Roaming
O trees of life, O when are you wintering? We are not unified. We have no instincts like those of migratory birds. Useless, and late, we force ourselves, suddenly, onto the wind, and fall down to an indifferent lake. We realize flowering and fading together. And somewhere lions still roam. Never knowing, as long as they have their splendor, of any weakness.
--Rainier Maria Rilke, “Duino Elegies”
Last night I found one of my journals from a few years ago & in it
I’d drawn fantastical creatures such as a lion with flamingo legs &
trident ears & I’d written about a woman on safari who’d been
mauled by a tiger & about how my father hadn’t forgiven me for
leaving Kentucky because he thought that place was magical &
he’d lived there his whole life & he loved the horses lolling in
lime-green fields not far from ancient coal pockets & he wondered
why would anyone ever leave it.
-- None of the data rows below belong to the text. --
(* Let $d\ge1$, let $|\cdot|$ be any norm on $\mathbb{R}^d$, let $0<p<q<+\infty$ and let $X$ be an $\mathbb{R}^d$-valued random vector with $\mathbb{E}|X|^p<+\infty$ and distribution $\mu$. Let $(a_N)_{N\ge1}$ be an $L^p$-optimal greedy quantization sequence for $X$, and assume that for some $b\in(0,\frac12)$ the $b$-maximal function $\Psi_b$ associated with $(a_N)_{N\ge1}$ satisfies $\int_{\mathbb{R}^d}\Psi_b^{\frac{q}{p+d}}d\mu<+\infty$. Then $\mathbb{E}|X|^q<+\infty$ and $$\limsup_{N\to+\infty}N^{\frac1d}\,e_q(a^{(N)},X)<+\infty.$$
   Context: For $\Gamma\subset\mathbb{R}^d$ and $r>0$ put $e_r(\Gamma,X)=\big(\mathbb{E}\,d(X,\Gamma)^r\big)^{1/r}$ with $d(\xi,\Gamma)=\inf_{a\in\Gamma}|\xi-a|$ ($d(\xi,\emptyset)=+\infty$). A sequence $(a_N)_{N\ge1}$ in $\mathbb{R}^d$ is an $L^p$-optimal greedy quantization sequence if, writing $a^{(N)}=\{a_1,\dots,a_N\}$ and $a^{(0)}=\emptyset$, one has $a_{N+1}\in\operatorname{argmin}_{\xi\in\mathbb{R}^d}e_p(a^{(N)}\cup\{\xi\},X)$ for every $N\ge0$. For $b\in(0,\frac12)$, the $b$-maximal function associated with $(a_N)$ is $$\Psi_b(\xi)=\sup_{N\ge1}\frac{\lambda_d\big(B(\xi,b\,d(\xi,a^{(N)}))\big)}{\mu\big(B(\xi,b\,d(\xi,a^{(N)}))\big)}\in[0,+\infty],\quad\xi\in\mathbb{R}^d,$$ where $\lambda_d$ is Lebesgue measure, $B(x,\rho)$ is the closed ball for $|\cdot|$, with the convention $\frac10=+\infty$. *)

theory Defs
  imports "HOL-Analysis.Analysis" "HOL-Probability.Probability"
begin

text \<open>A norm on a real vector space (the norm in the paper is arbitrary, not
  necessarily the Euclidean one).\<close>
definition is_norm :: "('a::real_vector \<Rightarrow> real) \<Rightarrow> bool" where
  "is_norm nrm \<longleftrightarrow> (\<forall>x. 0 \<le> nrm x) \<and> (\<forall>x. nrm x = 0 \<longleftrightarrow> x = 0)
     \<and> (\<forall>c x. nrm (c *\<^sub>R x) = \<bar>c\<bar> * nrm x) \<and> (\<forall>x y. nrm (x + y) \<le> nrm x + nrm y)"

definition nball :: "('a::real_vector \<Rightarrow> real) \<Rightarrow> 'a \<Rightarrow> real \<Rightarrow> 'a set" where
  "nball nrm x \<rho> = {y. nrm (y - x) \<le> \<rho>}"

definition dist_set :: "('a::real_vector \<Rightarrow> real) \<Rightarrow> 'a \<Rightarrow> 'a set \<Rightarrow> ennreal" where
  "dist_set nrm \<xi> \<Gamma> = (if \<Gamma> = {} then \<infinity> else ennreal (Inf ((\<lambda>a. nrm (\<xi> - a)) ` \<Gamma>)))"

definition enn_powr :: "ennreal \<Rightarrow> real \<Rightarrow> ennreal" where
  "enn_powr x r = (if x = \<infinity> then \<infinity> else ennreal (enn2real x powr r))"

definition quant_err ::
  "('a::real_vector \<Rightarrow> real) \<Rightarrow> 'b measure \<Rightarrow> ('b \<Rightarrow> 'a) \<Rightarrow> real \<Rightarrow> 'a set \<Rightarrow> ennreal" where
  "quant_err nrm M X r \<Gamma> = enn_powr (\<integral>\<^sup>+ \<omega>. enn_powr (dist_set nrm (X \<omega>) \<Gamma>) r \<partial>M) (1 / r)"

definition first_pts :: "(nat \<Rightarrow> 'a) \<Rightarrow> nat \<Rightarrow> 'a set" where
  "first_pts a n = a ` {1..n}"

definition greedy_seq ::
  "('a::real_vector \<Rightarrow> real) \<Rightarrow> 'b measure \<Rightarrow> ('b \<Rightarrow> 'a) \<Rightarrow> real \<Rightarrow> (nat \<Rightarrow> 'a) \<Rightarrow> bool" where
  "greedy_seq nrm M X p a \<longleftrightarrow>
     (\<forall>n. \<forall>\<xi>. quant_err nrm M X p (first_pts a n \<union> {a (Suc n)})
              \<le> quant_err nrm M X p (first_pts a n \<union> {\<xi>}))"

text \<open>The b-maximal function Psi_b associated with (a_N) (mu the distribution of X,
  lborel the Lebesgue measure). Division in ennreal gives c/0 = infinity for c > 0.\<close>
definition max_fun ::
  "('a::euclidean_space \<Rightarrow> real) \<Rightarrow> 'a measure \<Rightarrow> (nat \<Rightarrow> 'a) \<Rightarrow> real \<Rightarrow> 'a \<Rightarrow> ennreal" where
  "max_fun nrm \<mu> a b \<xi> =
     (SUP n\<in>{1..}. emeasure lborel (nball nrm \<xi> (b * enn2real (dist_set nrm \<xi> (first_pts a n))))
                  / emeasure \<mu> (nball nrm \<xi> (b * enn2real (dist_set nrm \<xi> (first_pts a n)))))"

end

theory Submission
  imports Defs
begin

text \<open>Write \<open>D\<^sub>n(\<xi>)\<close> for the distance from \<open>\<xi>\<close> to \<open>a\<^sup>(\<^sup>n\<^sup>)\<close> and \<open>U\<^sub>n = E D\<^sub>n(X)\<^sup>p\<close>.
  Since \<open>a\<^sub>n\<^sub>+\<^sub>1\<close> is at least as good as any competitor \<open>\<xi>\<close>, and moving to \<open>\<xi>\<close> gains at least
  \<open>c D\<^sub>n(\<xi>)\<^sup>p\<close> with \<open>c = (1 - b)\<^sup>p - b\<^sup>p > 0\<close> on the ball \<open>B = B(\<xi>, b D\<^sub>n(\<xi>))\<close>, we get
  \<open>U\<^sub>n - U\<^sub>n\<^sub>+\<^sub>1 \<ge> c D\<^sub>n(\<xi>)\<^sup>p \<mu>(B)\<close>. The maximal function gives \<open>\<mu>(B) \<ge> \<lambda>(B) / \<Psi>\<^sub>b(\<xi>)\<close>
  with \<open>\<lambda>(B) \<ge> c' D\<^sub>n(\<xi>)\<^sup>d\<close>, and telescoping from \<open>n\<close> to \<open>2n\<close> yields
  \<open>n D\<^sub>2\<^sub>n(\<xi>)\<^sup>p\<^sup>+\<^sup>d \<le> C \<Psi>\<^sub>b(\<xi>) U\<^sub>n\<close>. Raising this to the power \<open>r / (p + d)\<close> and integrating gives
  \<open>E D\<^sub>2\<^sub>n(X)\<^sup>r \<le> C (U\<^sub>n / n)\<^sup>r\<^sup>/\<^sup>(\<^sup>p\<^sup>+\<^sup>d\<^sup>) E \<Psi>\<^sub>b(X)\<^sup>r\<^sup>/\<^sup>(\<^sup>p\<^sup>+\<^sup>d\<^sup>)\<close>. For \<open>r = p\<close> this is a recursion
  forcing \<open>U\<^sub>n = O(n\<^sup>-\<^sup>p\<^sup>/\<^sup>d)\<close>; fed back with \<open>r = q\<close> it gives \<open>E D\<^sub>n(X)\<^sup>q = O(n\<^sup>-\<^sup>q\<^sup>/\<^sup>d)\<close>.\<close>

lemma is_norm_nonneg: "is_norm nrm \<Longrightarrow> 0 \<le> nrm x"
  unfolding is_norm_def by blast

lemma is_norm_scaleR: "is_norm nrm \<Longrightarrow> nrm (c *\<^sub>R x) = \<bar>c\<bar> * nrm x"
  unfolding is_norm_def by blast

lemma is_norm_triangle: "is_norm nrm \<Longrightarrow> nrm (x + y) \<le> nrm x + nrm y"
  unfolding is_norm_def by blast

lemma is_norm_minus: "is_norm nrm \<Longrightarrow> nrm (- x) = nrm x"
  using is_norm_scaleR[of nrm "-1" x] by simp

lemma is_norm_minus_commute: "is_norm nrm \<Longrightarrow> nrm (x - y) = nrm (y - x)"
  using is_norm_minus[of nrm "x - y"] by simp

lemma is_norm_triangle_diff: "is_norm nrm \<Longrightarrow> nrm (x - z) \<le> nrm (x - y) + nrm (y - z)"
  using is_norm_triangle[of nrm "x - y" "y - z"] by simp

lemma is_norm_sum:
  assumes "is_norm nrm"
  shows "nrm (sum f S) \<le> (\<Sum>i\<in>S. nrm (f i))"
proof (induction S rule: infinite_finite_induct)
  case (insert x F)
  then show ?case using is_norm_triangle[OF assms, of "f x" "sum f F"] by simp
qed (use is_norm_scaleR[OF assms, of 0 0] in simp_all)

definition norm_const :: "('a::euclidean_space \<Rightarrow> real) \<Rightarrow> real" where
  "norm_const nrm = 1 + (\<Sum>i\<in>Basis. nrm i)"

lemma norm_const_pos: "is_norm nrm \<Longrightarrow> 0 < norm_const nrm"
  unfolding norm_const_def using sum_nonneg[of Basis nrm] is_norm_nonneg[of nrm]
  by (smt (verit))

lemma is_norm_le_norm_const:
  fixes nrm :: "'a::euclidean_space \<Rightarrow> real"
  assumes "is_norm nrm"
  shows "nrm x \<le> norm_const nrm * norm x"
proof -
  have "nrm x = nrm (\<Sum>i\<in>Basis. (x \<bullet> i) *\<^sub>R i)" by (simp add: euclidean_representation)
  also have "\<dots> \<le> (\<Sum>i\<in>Basis. nrm ((x \<bullet> i) *\<^sub>R i))" by (rule is_norm_sum[OF assms])
  also have "\<dots> = (\<Sum>i\<in>Basis. \<bar>x \<bullet> i\<bar> * nrm i)" by (simp add: is_norm_scaleR[OF assms])
  also have "\<dots> \<le> (\<Sum>i\<in>Basis. norm x * nrm i)"
    by (intro sum_mono mult_right_mono) (auto simp: Basis_le_norm is_norm_nonneg[OF assms])
  also have "\<dots> \<le> norm_const nrm * norm x"
    using norm_ge_zero[of x] by (simp add: norm_const_def sum_distrib_left[symmetric] algebra_simps)
  finally show ?thesis .
qed

lemma continuous_on_nrm_lipschitz:
  fixes nrm :: "'a::euclidean_space \<Rightarrow> real"
  assumes "is_norm nrm" and lip: "\<And>x y. f x \<le> f y + nrm (x - y)"
  shows "continuous_on UNIV f"
proof -
  let ?C = "norm_const nrm"
  have "\<bar>f x - f y\<bar> \<le> ?C * dist x y" for x y
    using lip[of x y] lip[of y x] is_norm_le_norm_const[OF assms(1), of "x - y"]
      is_norm_le_norm_const[OF assms(1), of "y - x"]
    by (simp add: dist_norm norm_minus_commute)
  then have "?C-lipschitz_on UNIV f"
    using norm_const_pos[OF assms(1)] by (intro lipschitz_onI) (auto simp: dist_real_def)
  then show ?thesis by (rule lipschitz_on_continuous_on)
qed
When I moved to the foothills of
the Rockies I knew I was home, with the clean dry clear air &
violet clouds spooling around the mountains with melted-metal
lakes, but then with Covid, with everyone holed up, all the wild
animals, the bears & elk & mountain lions, came down from the
peaks like foul fairies to prey on us humans. Years ago when I
lived in Manhattan I went to a gathering & a poet read from her
work & she rhapsodized about the wild animals in the Rockies &
she imagined all of them leaving the mountains to magic the humans
into stone, immediately, irreversibly, beastily. Then I read Rilke &
he moved the lions into my head & I pondered our decay & that of
the wildest of beasts, our decline as tawdrily random & destructive
as attack, neglect, disease & how even sheltering trees break &
stones erode & I wondered about melancholy Rilke and how he
blossomed and withered and measured the distance from his heart
to his body & I knew my daily flourishings and perishings flew
past me & I could never go back back back & gnaw through the lines
of time to return to my salad days & anyway the point, at least
to me, is that there’s an indifference in nature that is heartbreaking.
As a teenager in Kentucky I once saw a rabid squirrel by a beech or
was it an oak or a maple but anyway most of the trees there gave me
such awful allergies I wanted to pull out my sinuses & clean out my
head with boiling water but that was nothing compared to what else
surrounded me, cancers, heart attacks, suicides, the South being
forever gothic, & a young woman in her twenties, a lovely thing,
got run over & killed by a cement truck & cement trucks have to
keep moving, I mean the barrel part not the wheels, & a few months
later the woman’s mother was found dead on her daughter’s grave.
Nowadays I tumble rocks in little barrels that work like the ones
in cement trucks & I found these rocks on a beach in Puget Sound,
the stones already smooth & therefore so much better for tumbling
than the schist of New York or the granite of the Rockies or the
limestone of Kentucky, which is filled with fossils of monsters like
centipedes the size of winter squash, & I cherish my magical
stone-control & as a child in Kentucky I lived in magic
because I didn’t yet know of my frailty & when my father died
last year I cried & cried & was not surprised at my suppression
breaking & someone at the wake told me that I’m in my prime &
sometimes I think my prime is behind me, but the writing in my
journal has not faded one bit & I half expect a lion to leap out of it.